Из приказов казаков отправляли в тюрьмы: «И нас, холопей твоих, взяли на Москве и привели в Казачей приказ к Ивану Михайловичу Пушкину, и ис Казачьева приказу вкинули, государь, нас в тюрьму». Иногда судьба пленных решалась на заседании боярской думы, так сына боярского С. Д. Милохова «из Казачьева… приказу послали в Верх к бояром, а с Верху послали в тюрьму». Некоторые казаки укрылись в лесах или в самой столице: К. Матвеев, например, несколько дней жил у своего брата, барышника, в Малых Лужниках, а затем ушел на юг, оставив у брата «мерина с седлом да самопал». Уцелевшие восставшие, по свидетельству «Нового летописца», хотели пробиться к «северским казаком». Из Разбойного приказа 23 июля с грамотами о «казатцком побеге» были посланы гонцы в Серпухов, Тулу, Коломну и Рязань. 24 и 25 июля грамоты из Разрядного приказа получили воеводы Боровска и Суздаля. В городах, расположенных вокруг столицы, воеводы должны были перекрывать все дороги, посылать против казаков «станицы» и «подъезды». Первые беглецы были схвачены 25 июля в Боровске на заставах, в тот же день воевода Т. Поливанов послал «в подъезд» сына боярского Р. Бокеева, а в Калугу с грамотой «про воров» — посадского человека по прозвищу Расшиби Шапка. В это время в Боровский уезд прибыла основная масса восставших казаков: Р. Бокеева они «изсекли до полусмерти, а Ивашка Розшеби Шапку ранили ж и, ограбя, замертва покинули». В Малоярославецком уезде казаки убили посланного туда «для расправного дела» сына боярского Зверя Исаева.

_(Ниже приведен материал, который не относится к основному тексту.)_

lemma rhombus_cell_mem: "k < l1 \<Longrightarrow> j < l2
    \<Longrightarrow> rhombus_cell L \<eta> k j \<in> rhombus_core L l1 l2 \<eta>"
  unfolding rhombus_core_eq rhombus_cell_def by force

lemma rhombus_core_eq_cells: "rhombus_core L l1 l2 \<eta>
    = {rhombus_cell L \<eta> k j | k j. k < l1 \<and> j < l2}"
  unfolding rhombus_core_eq rhombus_cell_def by auto

text \<open>Neighbouring rhombus cells are two apart and joined through a boundary site.\<close>

lemma rhombus_cell_steps:
  assumes "even L" "2 \<le> L" "\<eta> \<in> odd_sites L"
  shows "Suc k < l \<Longrightarrow> j < l \<Longrightarrow>
      (rhombus_cell L \<eta> k j, rhombus_cell L \<eta> (Suc k) j)
        \<in> (adj_within L (rhombus L l l \<eta>))\<^sup>*"
    and "k < l \<Longrightarrow> Suc j < l \<Longrightarrow>
      (rhombus_cell L \<eta> k j, rhombus_cell L \<eta> k (Suc j))
        \<in> (adj_within L (rhombus L l l \<eta>))\<^sup>*"
proof -
  let ?S = "rhombus_core L l l \<eta>"
  have odd: "rhombus_core L l l \<eta> \<subseteq> odd_sites L"
    using rhombus_core_subset_odd_sites[OF assms(1) _ assms(3)] assms(2) by simp
  have via: "(rhombus_cell L \<eta> k j, c') \<in> (adj_within L (rhombus L l l \<eta>))\<^sup>*"
    if "k < l" "j < l" "c' \<in> ?S" "adj L (rhombus_cell L \<eta> k j) m" "adj L m c'" for k j m c'
  proof -
    have "m \<in> ext_boundary L ?S"
      using ext_boundary_memI[OF assms(1,2) odd rhombus_cell_mem[OF that(1,2)] that(4)] .
    then have "(rhombus_cell L \<eta> k j, m) \<in> adj_within L (rhombus L l l \<eta>)"
      "(m, c') \<in> adj_within L (rhombus L l l \<eta>)"
      using that rhombus_cell_mem unfolding adj_within_def rhombus_def by auto
    then show ?thesis by simp
  qed
  let ?X = "int (fst \<eta>) + int k + int j" and ?Y = "int (snd \<eta>) + int k - int j"
  have "adj L (rhombus_cell L \<eta> k j) (torus_pt L ?X (?Y + 1))"
    "adj L (torus_pt L ?X (?Y + 1)) (rhombus_cell L \<eta> (Suc k) j)"
    "adj L (rhombus_cell L \<eta> k j) (torus_pt L ?X (?Y - 1))"
      "adj L (torus_pt L ?X (?Y - 1)) (rhombus_cell L \<eta> k (Suc j))"
    unfolding rhombus_cell_def by (simp_all add: adj_torus_pt_iff[OF assms(2)] algebra_simps)
  then show "Suc k < l \<Longrightarrow> j < l
      \<Longrightarrow> (rhombus_cell L \<eta> k j, rhombus_cell L \<eta> (Suc k) j)
        \<in> (adj_within L (rhombus L l l \<eta>))\<^sup>*"
    and "k < l \<Longrightarrow> Suc j < l
        \<Longrightarrow> (rhombus_cell L \<eta> k j, rhombus_cell L \<eta> k (Suc j))
          \<in> (adj_within L (rhombus L l l \<eta>))\<^sup>*"
    using via rhombus_cell_mem by auto
qed

lemma components_rhombus:
  assumes "even L" "2 \<le> L" "\<eta> \<in> odd_sites L" "1 \<le> l"
  shows "components L (rhombus L l l \<eta>) = {rhombus L l l \<eta>}"
proof -
  let ?R = "rhombus L l l \<eta>" and ?cell = "rhombus_cell L \<eta>"
  note steps = rhombus_cell_steps[OF assms(1-3)]
  have "(?cell 0 0, ?cell 0 j) \<in> (adj_within L ?R)\<^sup>*" if "j < l" for j
    using that
  proof (induction j)
    case (Suc j)
    then show ?case using steps(2)[of 0 l j] by (auto intro: rtrancl_trans)
  qed simp
  moreover have "(?cell 0 j, ?cell k j) \<in> (adj_within L ?R)\<^sup>*" if "k < l" "j < l" for k j
    using that
  proof (induction k)
    case (Suc k)
    then show ?case using steps(1)[of k l j] by (auto intro: rtrancl_trans)
  qed simp
  ultimately have "(?cell 0 0, s) \<in> (adj_within L ?R)\<^sup>*" if "s \<in> rhombus_core L l l \<eta>" for s
    using that unfolding rhombus_core_eq_cells by (blast intro: rtrancl_trans)
  then show ?thesis
    unfolding rhombus_def using components_with_boundary[of "?cell 0 0"] rhombus_cell_mem assms(4)
    by (simp add: rhombus_def)
qed

definition row_segment :: "nat \<Rightarrow> int \<Rightarrow> nat \<Rightarrow> nat set" where
  "row_segment L c t = {torus_coord L (c - int t + 1 + 2 * int m) | m. m < t}"

lemma row_nbrs_row_segment:
  assumes "0 < L"
  shows "row_nbrs L (row_segment L c t) \<subseteq> row_segment L c (Suc t)"
proof
  fix z assume "z \<in> row_nbrs L (row_segment L c t)"
  then obtain m where m: "m < t"
    and "z = torus_coord L (c - int t + 1 + 2 * int m + 1)
        \<or> z = torus_coord L (c - int t + 1 + 2 * int m - 1)"
    unfolding row_nbrs_def row_segment_def
    by (auto simp: Suc_mod_torus_coord[OF assms] pred_mod_torus_coord[OF assms])
  then have "z = torus_coord L (c - int (Suc t) + 1 + 2 * int (Suc m))
      \<or> z = torus_coord L (c - int (Suc t) + 1 + 2 * int m)"
    by (auto simp: algebra_simps)
  then show "z \<in> row_segment L c (Suc t)" unfolding row_segment_def using m by fastforce
qed

lemma row_segment_erode:
  assumes L: "0 < L" and "x < L" "2 * t + 2 \<le> L"
    and "Suc x mod L \<in> row_segment L c t" "(x + L - 1) mod L \<in> row_segment L c t"
  shows "x \<in> row_segment L c (t - 1)"
proof -
  have x: "torus_coord L (int x) = x" using assms(2) by (simp add: torus_coord_of_nat)
  obtain m where m: "m < t" "torus_coord L (int x + 1) = torus_coord L (c - int t + 1 + 2 * int m)"
    using assms(4) Suc_mod_torus_coord[OF L, of "int x"] unfolding row_segment_def x by auto
  obtain m' where m': "m' < t" "torus_coord L (int x - 1) = torus_coord L (c - int t + 1 + 2 * int m')"
    using assms(5) pred_mod_torus_coord[OF L, of "int x"] unfolding row_segment_def x by auto
  have "int L dvd (int x + 1) - (c - int t + 1 + 2 * int m)"
    "int L dvd (int x - 1) - (c - int t + 1 + 2 * int m')"
    using m(2) m'(2) unfolding torus_coord_eq_iff[OF L] by (simp_all add: mod_eq_dvd_iff)
  then have "int L dvd ((int x + 1) - (c - int t + 1 + 2 * int m)) - ((int x - 1) - (c - int t + 1 + 2 * int m'))"
    by (rule dvd_diff)
  then have "int L dvd 2 * (int m' - int m + 1)" by (simp add: algebra_simps)
  moreover have "\<bar>2 * (int m' - int m + 1)\<bar> < int L" using m(1) m'(1) assms(3) by auto
  ultimately have "2 * (int m' - int m + 1) = 0" by (rule small_dvd_imp_zero)
  then have "m' < t - 1" using m(1) by simp
  moreover have "torus_coord L (int x) = torus_coord L (c - int (t - 1) + 1 + 2 * int m')"
  proof -
    have "torus_coord L (int x) = torus_coord L ((int x - 1) + 1)" by simp
    also have "\<dots> = torus_coord L ((c - int t + 1 + 2 * int m') + 1)"
      using m'(2) torus_coord_eq_iff[OF L] by (metis mod_add_left_eq)
    also have "(c - int t + 1 + 2 * int m') + 1 = c - int (t - 1) + 1 + 2 * int m'" using m(1) by simp
    finally show ?thesis .
  qed
  ultimately show ?thesis unfolding row_segment_def x by blast
qed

Дальнейшее продвижение казаков на юго-запад могло привести к последствиям, весьма нежелательным для правительства. Весной 1615 г. на Северщине появился отряд А. Лисовского, в прошлом одного из сподвижников Лжедмитрия II. Лисовский, который на этот раз открыто участвовал в военных действиях Речи Посполитой против Русского государства, тем не менее охотно пополнял свой отряд русскими казаками. По свидетельству побывавшего в плену у Лисовского сына боярского, он «потчивал» приезжавших к нему казаков, а они называли его «батьком». Всего к Лисовскому присоединилось в России около 80 казаков, из них 60 привел «из Заволжья» атаман Ляд. Соединению с отрядом Лисовского нескольких тысяч казаков, потерявших надежду на службу у царя, должна была во что бы то ни стало воспрепятствовать армия Лыкова, которая шла по пятам за казачьим войском. 27 июля Лыков прислал в боровскую тюрьму 14 казаков (в том числе есаула Т. Михайлова), захваченных во время преследования, четверо из них были казнены. По-видимому, в тот же день под Малоярославцем на р. Луже, правом притоке Протвы, восставшие вступили в бой с правительственными войсками, по, потерпев поражение, сдались Лыкову: «Он же их взял за крестным целованием и привел их к Москве» [прим. 14]. В Москве казаки были сразу же «разобраны»; например, в январе 1616 г. сын боярский П. Корин сказал в Галиче воеводе, что «был в воровстве с казаки з Баловнем… и после разбору пришол он в Галицкой уезд». Таким образом, к концу июля 1615 г. войско М. Баловня перестало существовать.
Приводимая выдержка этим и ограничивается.